The European Court of Human Rights (ECHR) has rejected the appeal of a German pro-life campaigner, opening up censorship to those who compare abortion to murder.
The Strasbourg court rejected the appeal of campaigner Klaus Guenter Annen who was ordered by German courts in four separate injunctions to stop comparing abortions to the Holocaust and saying that the doctors performing them were committing “aggravated murder”, Il Giornale reports.
The judges claimed that the censoring of the activist did violate his freedom of expression but was “necessary in a democratic society”.
They also said that by accusing and comparing specific doctors performing abortion procedures to the perpetrators of the Holocaust on his website the German campaigner “had not only been very serious but might also have incited hatred and aggression”.

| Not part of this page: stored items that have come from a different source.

lemma proj_e6_on_L:
  assumes F1_P: "F1 p1 p2 p3 = 0" and p3: "p3 \<noteq> 0"
  shows "proj_e6 G p1 p2 p3"
proof -
  define a0 b0 where "a0 = p1/p3" and "b0 = p2/p3"
  have F2_cone: "F2 X Y Z = A * (X - a0*Z)^2 + D * (X - a0*Z) * (Y - b0*Z) + B * (Y - b0*Z)^2" for X Y Z
    unfolding a0_def b0_def by (rule singular_quadric_affine_cone[OF F2_eq grad p3])
  have p: "p1 = a0 * p3" "p2 = b0 * p3" using p3 by (simp_all add: a0_def b0_def)
  have "p3 * (\<gamma> + (\<alpha>*a0 + \<beta>*b0)) = 0"
    using F1_P unfolding F1_eq p by (simp add: algebra_simps)
  then have \<gamma>: "\<gamma> = - (\<alpha>*a0 + \<beta>*b0)"
    using p3 by (metis add_eq_0_iff2 mult_eq_0_iff)
  have F1_cone: "F1 X Y Z = \<alpha> * (X - a0*Z) + \<beta> * (Y - b0*Z)" for X Y Z
    unfolding F1_eq \<gamma> by (simp add: algebra_simps)
  have "A*\<beta>^2 - D*\<alpha>*\<beta> + B*\<alpha>^2 \<noteq> 0"
  proof
    assume "A*\<beta>^2 - D*\<alpha>*\<beta> + B*\<alpha>^2 = 0"
    then obtain \<sigma> \<tau> where factor:
      "\<And>\<xi> \<eta>. A*\<xi>^2 + D*\<xi>*\<eta> + B*\<eta>^2 = (\<alpha>*\<xi> + \<beta>*\<eta>) * (\<sigma>*\<xi> + \<tau>*\<eta>)"
      using binary_quadratic_factor_of_zero[OF L_ne_Linf] by blast
    have "F2 X Y Z = F1 X Y Z * (\<sigma>*X + \<tau>*Y + (- \<sigma>*a0 - \<tau>*b0)*Z)" for X Y Z
    proof -
      have "F2 X Y Z = (\<alpha>*(X - a0*Z) + \<beta>*(Y - b0*Z)) * (\<sigma>*(X - a0*Z) + \<tau>*(Y - b0*Z))"
        unfolding F2_cone by (rule factor)
      then show ?thesis unfolding F1_cone by (simp add: algebra_simps)
    qed
    then show False
      using line_component_of_linear_cofactor[of F1 \<sigma> \<tau> "- \<sigma>*a0 - \<tau>*b0"] no_L by blast
  qed
  then have "e6_germ (\<lambda>(x, y). (A*(x - a0)^2 + D*(x - a0)*(y - b0) + B*(y - b0)^2)^2
      + (\<alpha>*(x - a0) + \<beta>*(y - b0))^3) (a0, b0)"
    by (rule e6_germ_square_plus_cube[OF L_ne_Linf])
  then show ?thesis
    unfolding proj_e6_def a0_def[symmetric] b0_def[symmetric]
    by (simp add: G_eq F2_cone F1_cone)
qed

lemma cone_at_infinity:
  assumes p3: "p3 = 0"
  obtains k1 k2 where "k1 \<noteq> 0"
    "\<And>X Y Z. F2 X Y Z = k1 * (p2*X - p1*Y)^2 + k2 * (p2*X - p1*Y) * Z + C * Z^2"
proof -
  have P12: "(p1, p2) \<noteq> (0, 0)" using P p3 by auto
  obtain k1 k2 where cone: "\<And>X Y Z. F2 X Y Z = k1 * (p2*X - p1*Y)^2 + k2 * (p2*X - p1*Y) * Z + C * Z^2"
    using singular_quadric_cone_at_infinity[OF F2_eq _ _ _ P12] grad p3 by (auto simp: add.commute)
  moreover have "k1 \<noteq> 0"
  proof
    assume "k1 = 0"
    then have "F2 X Y Z = Z * ((k2*p2)*X + (- k2*p1)*Y + C*Z)" for X Y Z
      by (simp add: cone algebra_simps power2_eq_square)
    then show False
      using line_component_of_linear_cofactor[of "\<lambda>X Y Z. Z" "k2*p2" "- k2*p1" C] no_Linf by blast
  qed
  ultimately show ?thesis using that by blast
qed

lemma smooth_tangent_off_L:
  assumes p3: "p3 = 0" and F1_P: "F1 p1 p2 p3 \<noteq> 0"
  shows "smooth_at G p1 p2 p3" "tangent_to_Linf G p1 p2 p3"
proof -
  have G: "G = (\<lambda>X Y Z. (A*X^2 + B*Y^2 + C*Z^2 + D*X*Y + E*X*Z + Fc*Y*Z)^2 + (\<alpha>*X + \<beta>*Y + \<gamma>*Z)^3 * Z)"
    by (simp add: fun_eq_iff G_eq F1_eq F2_eq)
  have F2_P': "A*p1^2 + B*p2^2 + D*p1*p2 = 0" using F2_P p3 by (simp add: F2_eq)
  have "((\<lambda>x. G x p2 p3) has_field_derivative 0) (at p1)"
    "((\<lambda>y. G p1 y p3) has_field_derivative 0) (at p2)"
    "((\<lambda>z. G p1 p2 z) has_field_derivative (\<alpha>*p1 + \<beta>*p2)^3) (at p3)"
    unfolding G p3 using F2_P' by (auto intro!: derivative_eq_intros)
  moreover have "\<alpha>*p1 + \<beta>*p2 \<noteq> 0" using F1_P p3 by (simp add: F1_eq)
  moreover have "G p1 p2 p3 = 0" using F2_P p3 by (simp add: G_eq)
  ultimately show "smooth_at G p1 p2 p3" "tangent_to_Linf G p1 p2 p3"
    by (simp_all add: smooth_at_def zero_grad_def tangent_to_Linf_def DERIV_imp_deriv)
qed

lemma line_int_mult_Linf:
  assumes p3: "p3 = 0" and Q: "\<forall>c. (q1, q2, 0) \<noteq> (c * p1, c * p2, c * p3)"
  shows "line_int_mult G (p1, p2, p3) (q1, q2, 0) = 4"
proof -
  obtain k1 k2 where k1: "k1 \<noteq> 0"
    and cone: "\<And>X Y Z. F2 X Y Z = k1 * (p2*X - p1*Y)^2 + k2 * (p2*X - p1*Y) * Z + C * Z^2"
    using cone_at_infinity[OF p3] by blast
  define \<delta> where "\<delta> = p2*q1 - p1*q2"
  have "\<delta> \<noteq> 0"
  proof
    assume "\<delta> = 0"
    then have "q2 * p1 + (- q1) * p2 = 0" by (simp add: \<delta>_def algebra_simps)
    moreover have "(p1, p2) \<noteq> (0, 0)" using P p3 by auto
    ultimately obtain c where "q2 = c * p2" "- q1 = - c * p1"
      by (rule linear_relation_multiple)
    then have "(q1, q2, 0) = (c * p1, c * p2, c * p3)" using p3 by simp
    then show False using Q by blast
  qed
  have G_line: "G (p1 + t*q1) (p2 + t*q2) (p3 + t*0) = (k1^2 * \<delta>^4) * (t - 0) powi 4" for t
  proof -
    have "p2*(p1 + t*q1) - p1*(p2 + t*q2) = t * \<delta>" by (simp add: \<delta>_def algebra_simps)
    then show ?thesis by (simp add: G_eq cone p3 power_mult_distrib power2_eq_square power4_eq_xxxx)
  qed
  have "zorder (\<lambda>t. G (p1 + t*q1) (p2 + t*q2) (p3 + t*0)) 0 = 4"
    by (rule zorder_eqI[of UNIV 0 "\<lambda>_. k1^2 * \<delta>^4"]) (use k1 \<open>\<delta> \<noteq> 0\<close> G_line in auto)
  then show ?thesis by (simp add: line_int_mult_def)
qed
lemma admissible_le_sup_norm:
  assumes "admissible k \<mu>" "a \<in> {0..A}"
  shows "k a \<le> sup_norm A kmax"
proof -
  have "k a \<le> kmax a"
    using assms unfolding admissible_def by blast
  also have "\<dots> \<le> sup_norm A kmax"
    using abs_le_sup_norm[OF continuous(2) assms(2)] by linarith
  finally show ?thesis .
qed

lemma admissible_net_maternity_le_sup_norm:
  assumes "admissible k \<mu>" "a \<in> {0..A}"
  shows "net_maternity k \<mu> a \<le> sup_norm A kmax"
  using assms admissible_nonneg[OF assms(1)] admissible_le_sup_norm[OF assms]
  unfolding admissible_def
  by (intro net_maternity_le[of A \<mu>]) auto

lemma lotka_P_le_sup_norm:
  assumes "admissible k \<mu>"
  shows "lotka_P A k \<mu> \<le> sup_norm A kmax"
  using A_pos admissible_net_maternity(2)[OF assms] admissible_net_maternity_le_sup_norm[OF assms]
  by (intro trunc_laplace_root_le[OF _ admissible_net_maternity(1)[OF assms] _
        admissible_lotka_roots(1,2)[OF assms]]) auto

lemma admissible_net_maternity_diff_le:
  assumes adm: "admissible k \<mu>" and adm': "admissible k' \<mu>'" and a: "a \<in> {0..A}"
  shows "\<bar>net_maternity k' \<mu>' a - net_maternity k \<mu> a\<bar>
           \<le> sup_norm A (\<lambda>a. k' a - k a) + sup_norm A kmax * (A * sup_norm A (\<lambda>a. \<mu>' a - \<mu> a))"
proof -
  have "continuous_on {0..A} k" "continuous_on {0..A} k'" and cont: "continuous_on {0..A} \<mu>"
    "continuous_on {0..A} \<mu>'"
    using adm adm' unfolding admissible_def by blast+
  then have cont_diff:
    "continuous_on {0..A} (\<lambda>a. k' a - k a)" "continuous_on {0..A} (\<lambda>a. \<mu>' a - \<mu> a)"
    by (auto intro: continuous_on_diff)
  show ?thesis
  proof (rule abs_net_maternity_diff_le[OF cont _ _ a])
    show "\<forall>b\<in>{0..A}. \<bar>\<mu>' b - \<mu> b\<bar> \<le> sup_norm A (\<lambda>a. \<mu>' a - \<mu> a)"
      using abs_le_sup_norm[OF cont_diff(2)] by blast
    show "\<bar>k' a - k a\<bar> \<le> sup_norm A (\<lambda>a. k' a - k a)"
      using abs_le_sup_norm[OF cont_diff(1) a] .
    show "\<forall>b\<in>{0..A}. 0 \<le> \<mu> b \<and> 0 \<le> \<mu>' b"
      using admissible_nonneg[OF adm] admissible_nonneg[OF adm'] by blast
    show "0 \<le> k a" "k a \<le> sup_norm A kmax"
      using admissible_nonneg[OF adm] a admissible_le_sup_norm[OF adm a] by auto
  qed
qed

lemma lotka_P_stability:
  defines "K \<equiv> sup_norm A kmax" and "D \<equiv> integral {0..A} (\<lambda>a. a * net_maternity kmin \<mu>max a)"
  assumes adm: "admissible k \<mu>" and adm': "admissible k' \<mu>'"
  shows "\<bar>lotka_P A k' \<mu>' - lotka_P A k \<mu>\<bar> * (exp (- K * A) * D)
           \<le> A * (sup_norm A (\<lambda>a. k' a - k a) + K * (A * sup_norm A (\<lambda>a. \<mu>' a - \<mu> a)))"
  unfolding K_def D_def
proof (rule trunc_laplace_root_stability[OF _ admissible_net_maternity(1)[OF adm]
      admissible_net_maternity(1)[OF adm'] admissible_net_maternity(1)[OF admissible_extremes(1)]
      _ _ _ _ admissible_lotka_roots(2)[OF adm] admissible_lotka_roots(2)[OF adm']])
  show "\<forall>a\<in>{0..A}. 0 \<le> net_maternity kmin \<mu>max a \<and> net_maternity kmin \<mu>max a \<le> net_maternity k \<mu> a
      \<and> net_maternity kmin \<mu>max a \<le> net_maternity k' \<mu>' a"
    using admissible_net_maternity(2)[OF admissible_extremes(1)]
      admissible_net_maternity_bounds(1)[OF adm] admissible_net_maternity_bounds(1)[OF adm']
    by blast
  show "lotka_P A k \<mu> \<in> {0..sup_norm A kmax}" "lotka_P A k' \<mu>' \<in> {0..sup_norm A kmax}"
    using admissible_lotka_roots(1) lotka_P_le_sup_norm adm adm' by (auto intro: less_imp_le)
qed (use A_pos admissible_net_maternity_diff_le[OF adm adm'] in auto)

lemma exp_factor_le_lipschitz_constant:
  defines "K \<equiv> sup_norm A kmax" and "D \<equiv> integral {0..A} (\<lambda>a. a * net_maternity kmin \<mu>max a)"
    and "R \<equiv> integral {0..A} (net_maternity kmin \<mu>max)"
  shows "exp (K * A) * A / D \<le> A * (2 * A * K) powr (2 * A * K - 1) / (D * ln R)"
proof -
  have "R \<le> integral {0..A} (\<lambda>_. K)"
    unfolding R_def K_def
    using admissible_net_maternity_le_sup_norm[OF admissible_extremes(1)]
    by (intro integral_le integrable_continuous_interval integrable_const_ivl
        admissible_net_maternity(1)[OF admissible_extremes(1)]) auto
  then have "R \<le> A * K"
    using A_pos by simp
  then have "exp (A * K) * ln R \<le> (2 * (A * K)) powr (2 * (A * K) - 1)"
    using supercritical unfolding R_def by (intro exp_mul_ln_le_powr) auto
  moreover have "0 < ln R" "0 < D"
    using supercritical age_weighted_net_maternity_pos unfolding R_def D_def by auto
  ultimately show ?thesis
    using A_pos by (simp add: field_simps mult_ac)
qed

lemma lotka_P_lipschitz:
  defines "K \<equiv> sup_norm A kmax" and "D \<equiv> integral {0..A} (\<lambda>a. a * net_maternity kmin \<mu>max a)"
    and "R \<equiv> integral {0..A} (net_maternity kmin \<mu>max)"
  defines "L \<equiv> A * (2 * A * K) powr (2 * A * K - 1) / (D * ln R)"
  assumes "admissible k \<mu>" "admissible k' \<mu>'"
  shows "\<bar>lotka_P A k' \<mu>' - lotka_P A k \<mu>\<bar>
           \<le> L * sup_norm A (\<lambda>a. k' a - k a) + L * K * A * sup_norm A (\<lambda>a. \<mu>' a - \<mu> a)"
proof -
  define \<epsilon> where "\<epsilon> = sup_norm A (\<lambda>a. k' a - k a) + K * (A * sup_norm A (\<lambda>a. \<mu>' a - \<mu> a))"
  have "0 \<le> \<epsilon>"
    using assms(5,6) A_pos unfolding \<epsilon>_def K_def admissible_def
    by (intro add_nonneg_nonneg mult_nonneg_nonneg sup_norm_nonneg continuous_on_diff
        continuous(2)) auto
  have "\<bar>lotka_P A k' \<mu>' - lotka_P A k \<mu>\<bar> \<le> exp (K * A) * A / D * \<epsilon>"
    using lotka_P_stability[OF assms(5,6)] age_weighted_net_maternity_pos
    unfolding K_def D_def \<epsilon>_def by (simp add: field_simps exp_minus)
  also have "\<dots> \<le> L * \<epsilon>"
    using exp_factor_le_lipschitz_constant \<open>0 \<le> \<epsilon>\<close> unfolding L_def K_def D_def R_def
    by (intro mult_right_mono)
  finally show ?thesis
    unfolding \<epsilon>_def by (simp add: algebra_simps)
qed

end

theorem theorem1:
  fixes A G :: real and kmin kmax \<mu>min \<mu>max :: "real \<Rightarrow> real"
  assumes A_pos: "0 < A"
    and cont: "continuous_on {0..A} kmin" "continuous_on {0..A} kmax"
              "continuous_on {0..A} \<mu>min" "continuous_on {0..A} \<mu>max"
    and nonneg: "\<forall>a\<in>{0..A}. 0 \<le> kmin a \<and> 0 \<le> kmax a \<and> 0 \<le> \<mu>min a \<and> 0 \<le> \<mu>max a"
    and lip: "\<exists>C. C-lipschitz_on {0..A} kmin" "\<exists>C. C-lipschitz_on {0..A} kmax"
             "\<exists>C. C-lipschitz_on {0..A} \<mu>min" "\<exists>C. C-lipschitz_on {0..A} \<mu>max"
    and order: "\<forall>a\<in>{0..A}. kmin a \<le> kmax a \<and> \<mu>min a \<le> \<mu>max a"
    and R0: "integral {0..A} (\<lambda>a. kmin a * exp (- integral {0..a} \<mu>max)) > 1"
    and G_pos: "0 < G"
    and G_bound: "\<forall>f\<in>{kmin, kmax, \<mu>min, \<mu>max}. sup_norm A f + lip_seminorm A f \<le> G"
  defines "\<zeta>min \<equiv> lotka_sol A kmin \<mu>max"
    and "\<zeta>max \<equiv> lotka_sol A kmax \<mu>min"
    and "S \<equiv> {(k, \<mu>). k \<in> H_G A G \<and> \<mu> \<in> H_G A G \<and>
                (\<forall>a\<in>{0..A}. kmin a \<le> k a \<and> k a \<le> kmax a \<and> \<mu>min a \<le> \<mu> a \<and> \<mu> a \<le> \<mu>max a)}"
    and "I \<equiv> (\<lambda>a. exp (- integral {0..a} \<mu>max))"
    and "K \<equiv> sup_norm A kmax"
  defines "L \<equiv> A * (2 * A * K) powr (2 * A * K - 1) /
               (integral {0..A} (\<lambda>a. a * kmin a * I a) * ln (integral {0..A} (\<lambda>a. kmin a * I a)))"
  shows "(\<forall>(k, \<mu>)\<in>S. lotka_P A k \<mu> \<in> {\<zeta>min..\<zeta>max}) \<and>
         (\<forall>(k, \<mu>)\<in>S. \<forall>(k', \<mu>')\<in>S.
            \<bar>lotka_P A k' \<mu>' - lotka_P A k \<mu>\<bar>
              \<le> L * sup_norm A (\<lambda>a. k' a - k a) + L * K * A * sup_norm A (\<lambda>a. \<mu>' a - \<mu> a))"
proof -
  interpret lotka_box A kmin kmax \<mu>min \<mu>max
    using A_pos cont nonneg order R0 by unfold_locales (auto simp: net_maternity_def[abs_def])
  \<comment> \<open>Membership in H_G is only used through continuity.\<close>
  have admissible: "admissible k \<mu>" if "(k, \<mu>) \<in> S" for k \<mu>
    using that unfolding S_def H_G_def admissible_def by auto
  have L_eq: "L = A * (2 * A * K) powr (2 * A * K - 1) /
      (integral {0..A} (\<lambda>a. a * net_maternity kmin \<mu>max a) *
       ln (integral {0..A} (net_maternity kmin \<mu>max)))"
    unfolding L_def I_def net_maternity_def[abs_def] by (simp add: mult.assoc)
  have "lotka_P A k \<mu> \<in> {\<zeta>min..\<zeta>max}" if "(k, \<mu>) \<in> S" for k \<mu>
    using lotka_P_mem_bounds[OF admissible[OF that]] unfolding \<zeta>min_def \<zeta>max_def .
  moreover have "\<bar>lotka_P A k' \<mu>' - lotka_P A k \<mu>\<bar>
      \<le> L * sup_norm A (\<lambda>a. k' a - k a) + L * K * A * sup_norm A (\<lambda>a. \<mu>' a - \<mu> a)"
    if "(k, \<mu>) \<in> S" "(k', \<mu>') \<in> S" for k \<mu> k' \<mu>'
    using lotka_P_lipschitz[OF admissible[OF that(1)] admissible[OF that(2)]] unfolding L_eq K_def .
  ultimately show ?thesis
    by blast
qed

The issue of abortion came to the forefront of European politics earlier this year when the Republic of Ireland held a referendum on legalising the practice which has been legal in other European Union member states for years.
Leaked documents last year showed that left-wing Hungarian-American billionaire George Soros’s Open Society Foundations pushed for abortion to become legal in Ireland.
“With one of the most restrictive abortion laws in the world, a win there could impact other strongly Catholic countries in Europe, such as Poland, and provide much-needed proof that change is possible, even in highly conservative places,” a leaked OSF document said.
In May of this year, Irish citizens voted to make abortion legal in the country.
While many do not view abortion as a form of contraception, some, like Ann Furedi, chief executive of the British Pregnancy Advisory Service (BPAS), have claimed the opposite.
“Family planning is contraception and abortion. Abortion is birth control that women need when their regular method lets them down,” Furedi said last year.